-- Data shown follows --

(* For a locally convex space $E$ consider the properties: (1) $E$ has an $\omega^\omega$-base; (2) $E$ has a countable $\mathsf s^*$-network at zero; (3) $E$ has a countable $\mathsf{cs}^*$-network at zero; (4) $E$ has a countable $\mathsf{cs}^\bullet$-network at zero; (5) $E$ has a countable radial network; (6) each uncountable subset of $E$ contains an infinite bounded subset; (7) $E$ contains an infinite-dimensional compact set. Then $(1)\Rightarrow(2)\Rightarrow(3)\Rightarrow(4)\Rightarrow(5)\Rightarrow(6)$. If moreover $E$ has an uncountable Hamel basis, then $(6)\Rightarrow(7)$.
   Context: $E$ has an $\omega^\omega$-base if there is a neighborhood base $(U_\alpha)_{\alpha\in\omega^\omega}$ at zero with $U_\beta\subseteq U_\alpha$ whenever $\alpha\le\beta$ pointwise. A sequence $(x_n)$ accumulates at $x$ if every neighborhood of $x$ contains $x_n$ for infinitely many $n$. A family $\mathcal N$ of subsets of $E$ is: an $\mathsf s^*$-network at $x$ if for every neighborhood $O_x$ of $x$ and every sequence $(x_n)$ accumulating at $x$ there is $N\in\mathcal N$ with $N\subseteq O_x$ and $\{n:x_n\in N\}$ infinite; a $\mathsf{cs}^*$-network at $x$ if the same holds for every sequence converging to $x$; a $\mathsf{cs}^\bullet$-network at $x$ if for every neighborhood $O_x$ of $x$ and every sequence $(x_n)$ converging to $x$ there is $N\in\mathcal N$ with $N\subseteq O_x$ containing some $x_n$. A radial network is a family $\mathcal N$ of subsets of $E$ such that for every neighborhood $U$ of zero and every $x\in E$ there are $N\in\mathcal N$ and a nonzero real $\varepsilon$ with $\varepsilon x\in N\subseteq U$. Bounded: $B\subseteq nU$ for some $n$, for every neighborhood $U$ of zero. An infinite-dimensional compact set is one of infinite topological dimension (equivalently, not contained in a finite-dimensional subspace). *)

theory Defs
  imports "HOL-Analysis.Analysis"
begin

definition nhd :: "'a::topological_space \<Rightarrow> 'a set \<Rightarrow> bool" where
  "nhd x N \<longleftrightarrow> (\<exists>W. open W \<and> x \<in> W \<and> W \<subseteq> N)"

definition locally_convex_space :: "'a::{real_vector,t2_space} itself \<Rightarrow> bool" where
  "locally_convex_space _ \<longleftrightarrow>
     continuous_on UNIV (\<lambda>p::'a \<times> 'a. fst p + snd p) \<and>
     continuous_on UNIV (\<lambda>p::real \<times> 'a. fst p *\<^sub>R snd p) \<and>
     (\<forall>U::'a set. nhd 0 U \<longrightarrow> (\<exists>V. open V \<and> convex V \<and> 0 \<in> V \<and> V \<subseteq> U))"

definition has_ww_base :: "'a::{real_vector,topological_space} itself \<Rightarrow> bool" where
  "has_ww_base _ \<longleftrightarrow> (\<exists>U :: (nat \<Rightarrow> nat) \<Rightarrow> 'a set.
      (\<forall>\<alpha>. nhd 0 (U \<alpha>)) \<and> (\<forall>N. nhd 0 N \<longrightarrow> (\<exists>\<alpha>. U \<alpha> \<subseteq> N)) \<and>
      (\<forall>\<alpha> \<beta>. \<alpha> \<le> \<beta> \<longrightarrow> U \<beta> \<subseteq> U \<alpha>))"

definition accumulates :: "(nat \<Rightarrow> 'a::topological_space) \<Rightarrow> 'a \<Rightarrow> bool" where
  "accumulates s x \<longleftrightarrow> (\<forall>W. nhd x W \<longrightarrow> infinite {n. s n \<in> W})"

definition s_star_network_at :: "'a::topological_space set set \<Rightarrow> 'a \<Rightarrow> bool" where
  "s_star_network_at \<N> x \<longleftrightarrow> (\<forall>W s. nhd x W \<and> accumulates s x \<longrightarrow>
      (\<exists>N\<in>\<N>. N \<subseteq> W \<and> infinite {n. s n \<in> N}))"

definition cs_star_network_at :: "'a::topological_space set set \<Rightarrow> 'a \<Rightarrow> bool" where
  "cs_star_network_at \<N> x \<longleftrightarrow> (\<forall>W s. nhd x W \<and> s \<longlonglongrightarrow> x \<longrightarrow>
      (\<exists>N\<in>\<N>. N \<subseteq> W \<and> infinite {n. s n \<in> N}))"

definition cs_bullet_network_at :: "'a::topological_space set set \<Rightarrow> 'a \<Rightarrow> bool" where
  "cs_bullet_network_at \<N> x \<longleftrightarrow> (\<forall>W s. nhd x W \<and> s \<longlonglongrightarrow> x \<longrightarrow>
      (\<exists>N\<in>\<N>. N \<subseteq> W \<and> (\<exists>n. s n \<in> N)))"

definition radial_network :: "'a::{real_vector,topological_space} set set \<Rightarrow> bool" where
  "radial_network \<N> \<longleftrightarrow> (\<forall>U x. nhd 0 U \<longrightarrow>
      (\<exists>N\<in>\<N>. \<exists>\<epsilon>::real. \<epsilon> \<noteq> 0 \<and> \<epsilon> *\<^sub>R x \<in> N \<and> N \<subseteq> U))"

definition tvs_bounded :: "'a::{real_vector,topological_space} set \<Rightarrow> bool" where
  "tvs_bounded B \<longleftrightarrow> (\<forall>U. nhd 0 U \<longrightarrow> (\<exists>n::nat. B \<subseteq> (\<lambda>x. real n *\<^sub>R x) ` U))"

end

theory Submission
  imports Defs
begin

(* (1) => (2): the intersections M(l) of all U_beta with beta extending a finite sequence l form
   a countable s*-network at zero.  If an accumulating sequence (s_k) met each M(alpha|n) only
   finitely often, then every s_k outside M(alpha|0) would be excluded by some U_beta_k with
   beta_k agreeing with alpha on a prefix whose length tends to infinity with k; a single gamma
   dominates all beta_k, and U_gamma contains only finitely many s_k.
   (2) => (3) => (4) are immediate, and (4) => (5) applies (4) to the null sequence x/(n+1).
   (5) => (6): the sets S(N,m) = {t y : |t| <= m, y in N} with N in the radial network are
   countably many, so a counting argument gives x in A such that A meets every finite
   intersection of those S(N,m) containing x in an uncountable set.  These traces then have
   an infinite pseudo-intersection B in A.  For a balanced neighbourhood W some N in W
   contains a multiple of x, so x lies in some S(N,m) contained in m W, and B is absorbed
   by W up to finitely many points.
   (6) => (7): an infinite bounded set {b_n} of linearly independent vectors yields the null
   sequence b_n/(n+1), whose closure is compact and spans an infinite-dimensional space. *)

lemma nhdE:
  assumes "nhd x W"
  obtains V where "open V" "x \<in> V" "V \<subseteq> W"
  using assms unfolding nhd_def by blast

lemma open_imp_nhd: "open V \<Longrightarrow> x \<in> V \<Longrightarrow> nhd x V"
  unfolding nhd_def by blast

lemma LIMSEQ_imp_accumulates:
  assumes "s \<longlonglongrightarrow> x"
  shows "accumulates s x"
  unfolding accumulates_def
proof (intro allI impI)
  fix W
  assume "nhd x W"
  then obtain V where V: "open V" "x \<in> V" "V \<subseteq> W" by (rule nhdE)
  then obtain N where "\<And>n. n \<ge> N \<Longrightarrow> s n \<in> W"
    using topological_tendstoD[OF assms V(1,2)] by (auto simp: eventually_sequentially)
  then have "{N..} \<subseteq> {n. s n \<in> W}" by auto
  then show "infinite {n. s n \<in> W}"
    using infinite_Ici finite_subset by blast
qed

lemma lcs_tendsto_scaleR:
  fixes E :: "'a::{real_vector,t2_space} itself" and f :: "'b \<Rightarrow> 'a"
  assumes "locally_convex_space E" and "(r \<longlongrightarrow> a) F" and "(f \<longlongrightarrow> x) F"
  shows "((\<lambda>n. r n *\<^sub>R f n) \<longlongrightarrow> a *\<^sub>R x) F"
proof -
  have "isCont (\<lambda>p::real \<times> 'a. fst p *\<^sub>R snd p) (a, x)"
    using assms(1) unfolding locally_convex_space_def
    by (simp add: continuous_on_eq_continuous_at)
  from isCont_tendsto_compose[OF this tendsto_Pair[OF assms(2,3)]] show ?thesis
    by simp
qed

definition balanced :: "'a::real_vector set \<Rightarrow> bool" where
  "balanced W \<longleftrightarrow> (\<forall>t. \<forall>w\<in>W. \<bar>t\<bar> \<le> 1 \<longrightarrow> t *\<^sub>R w \<in> W)"

lemma convex_symmetric_imp_balanced:
  assumes "convex V" and "\<And>x. x \<in> V \<Longrightarrow> - x \<in> V"
  shows "balanced V"
  unfolding balanced_def
proof (intro allI ballI impI)
  fix t :: real and w
  assume "w \<in> V" "\<bar>t\<bar> \<le> 1"
  then have "((1 + t) / 2) *\<^sub>R w + ((1 - t) / 2) *\<^sub>R (- w) \<in> V"
    using assms by (intro convexD) (auto simp: field_simps)
  also have "((1 + t) / 2) *\<^sub>R w + ((1 - t) / 2) *\<^sub>R (- w) = t *\<^sub>R w"
    by (simp add: algebra_simps flip: scaleR_add_left) (simp add: field_simps)
  finally show "t *\<^sub>R w \<in> V" .
qed

lemma lcs_balanced_nhd:
  fixes E :: "'a::{real_vector,t2_space} itself"
  assumes lcs: "locally_convex_space E" and "nhd (0::'a) U"
  obtains W where "nhd 0 W" "W \<subseteq> U" "balanced W"
proof -
  obtain V :: "'a set" where V: "open V" "convex V" "0 \<in> V" "V \<subseteq> U"
    using assms unfolding locally_convex_space_def by blast
  define W where "W = V \<inter> uminus -` V"
  have "continuous_on UNIV (uminus :: 'a \<Rightarrow> 'a)"
    unfolding continuous_on_def
    using lcs_tendsto_scaleR[OF lcs tendsto_const tendsto_ident_at, of "-1"] by simp
  then have "open W"
    unfolding W_def using V(1) by (intro open_Int open_vimage)
  moreover have "convex W"
    unfolding W_def using V(2) by (intro convex_Int convex_linear_vimage linear_uminus)
  then have "balanced W"
    by (rule convex_symmetric_imp_balanced) (simp add: W_def)
  moreover have "0 \<in> W" "W \<subseteq> U"
    using V(3,4) by (auto simp: W_def)
  ultimately show ?thesis
    using that open_imp_nhd by blast
qed

lemma balanced_scaleR_subset:
  assumes "balanced W" and "\<bar>a\<bar> \<le> b"
  shows "(\<lambda>y. a *\<^sub>R y) ` W \<subseteq> (\<lambda>y. b *\<^sub>R y) ` W"
proof (cases "b = 0")
  case True
  then show ?thesis using assms(2) by simp
next
  case False
  with assms(2) have "0 < b" by linarith
  with assms(2) have "\<bar>a / b\<bar> \<le> 1" by simp
  show ?thesis
  proof
    fix z
    assume "z \<in> (\<lambda>y. a *\<^sub>R y) ` W"
    then obtain w where w: "w \<in> W" "z = a *\<^sub>R w" by blast
    have "(a / b) *\<^sub>R w \<in> W"
      using assms(1) w(1) \<open>\<bar>a / b\<bar> \<le> 1\<close> unfolding balanced_def by blast
    moreover have "z = b *\<^sub>R ((a / b) *\<^sub>R w)"
      using False w(2) by simp
    ultimately show "z \<in> (\<lambda>y. b *\<^sub>R y) ` W" by blast
  qed
qed

definition absorbs :: "'a::real_vector set \<Rightarrow> 'a set \<Rightarrow> bool" where
  "absorbs W B \<longleftrightarrow> (\<exists>n::nat. B \<subseteq> (\<lambda>y. real n *\<^sub>R y) ` W)"

lemma tvs_bounded_iff_absorbs: "tvs_bounded B \<longleftrightarrow> (\<forall>U. nhd 0 U \<longrightarrow> absorbs U B)"
  unfolding tvs_bounded_def absorbs_def ..

lemma absorbs_subset: "absorbs W B \<Longrightarrow> A \<subseteq> B \<Longrightarrow> absorbs W A"
  unfolding absorbs_def by blast

lemma absorbs_mono: "absorbs W B \<Longrightarrow> W \<subseteq> U \<Longrightarrow> absorbs U B"
  unfolding absorbs_def by blast

lemma absorbs_Un:
  assumes "balanced W" "absorbs W A" "absorbs W B"
  shows "absorbs W (A \<union> B)"
proof -
  obtain m n :: nat where "A \<subseteq> (\<lambda>y. real m *\<^sub>R y) ` W" "B \<subseteq> (\<lambda>y. real n *\<^sub>R y) ` W"
    using assms(2,3) unfolding absorbs_def by blast
  moreover have "(\<lambda>y. real k *\<^sub>R y) ` W \<subseteq> (\<lambda>y. real (max m n) *\<^sub>R y) ` W" if "k \<le> max m n" for k
    using balanced_scaleR_subset[OF assms(1), of "real k" "real (max m n)"] that by simp
  ultimately have "A \<union> B \<subseteq> (\<lambda>y. real (max m n) *\<^sub>R y) ` W"
    by (meson Un_least max.cobounded1 max.cobounded2 order_trans)
  then show ?thesis
    unfolding absorbs_def by (rule exI)
qed

lemma lcs_absorbs_finite:
  fixes E :: "'a::{real_vector,t2_space} itself" and F :: "'a set"
  assumes lcs: "locally_convex_space E" and W: "nhd 0 W" "balanced W" and "finite F"
  shows "absorbs W F"
  using \<open>finite F\<close>
proof (induction F rule: finite_induct)
  case empty
  show ?case unfolding absorbs_def by simp
next
  case (insert x F)
  obtain V where V: "open V" "0 \<in> V" "V \<subseteq> W" using W(1) by (rule nhdE)
  have "(\<lambda>n. inverse (real (Suc n)) *\<^sub>R x) \<longlonglongrightarrow> 0"
    using lcs_tendsto_scaleR[OF lcs LIMSEQ_inverse_real_of_nat tendsto_const] by simp
  from topological_tendstoD[OF this V(1,2)]
  obtain n where "inverse (real (Suc n)) *\<^sub>R x \<in> V"
    unfolding eventually_sequentially by blast
  then have "x = real (Suc n) *\<^sub>R (inverse (real (Suc n)) *\<^sub>R x)"
    and "inverse (real (Suc n)) *\<^sub>R x \<in> W" using V(3) by auto
  then have "absorbs W {x}" unfolding absorbs_def by blast
  with absorbs_Un[OF W(2) this insert.IH] show ?case by simp
qed

lemma s_star_imp_cs_star_network: "s_star_network_at \<N> x \<Longrightarrow> cs_star_network_at \<N> x"
  unfolding s_star_network_at_def cs_star_network_at_def
  using LIMSEQ_imp_accumulates by blast

lemma cs_star_imp_cs_bullet_network: "cs_star_network_at \<N> x \<Longrightarrow> cs_bullet_network_at \<N> x"
  unfolding cs_star_network_at_def cs_bullet_network_at_def
  by (meson not_finite_existsD)

lemma lcs_cs_bullet_imp_radial_network:
  fixes E :: "'a::{real_vector,t2_space} itself" and \<N> :: "'a set set"
  assumes lcs: "locally_convex_space E" and "cs_bullet_network_at \<N> 0"
  shows "radial_network \<N>"
  unfolding radial_network_def
proof (intro allI impI)
  fix U :: "'a set" and x :: 'a
  assume "nhd 0 U"
  moreover have "(\<lambda>n. inverse (real (Suc n)) *\<^sub>R x) \<longlonglongrightarrow> 0"
    using lcs_tendsto_scaleR[OF lcs LIMSEQ_inverse_real_of_nat tendsto_const] by simp
  ultimately obtain N n where "N \<in> \<N>" "N \<subseteq> U" "inverse (real (Suc n)) *\<^sub>R x \<in> N"
    using assms(2) unfolding cs_bullet_network_at_def by blast
  then show "\<exists>N\<in>\<N>. \<exists>\<epsilon>::real. \<epsilon> \<noteq> 0 \<and> \<epsilon> *\<^sub>R x \<in> N \<and> N \<subseteq> U"
    by (intro bexI[of _ N] exI[of _ "inverse (real (Suc n))"]) auto
qed

definition cylinder_Inter :: "((nat \<Rightarrow> nat) \<Rightarrow> 'a set) \<Rightarrow> nat list \<Rightarrow> 'a set" where
  "cylinder_Inter U l = \<Inter>{U \<beta> | \<beta>. map \<beta> [0..<length l] = l}"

-- Data shown concluded --

§ Exercise brief
Using the listing above, pick out each line that contains the word "meson", then copy it.

§ Answer to this problem
    by (meson Un_least max.cobounded1 max.cobounded2 order_trans)
  by (meson not_finite_existsD)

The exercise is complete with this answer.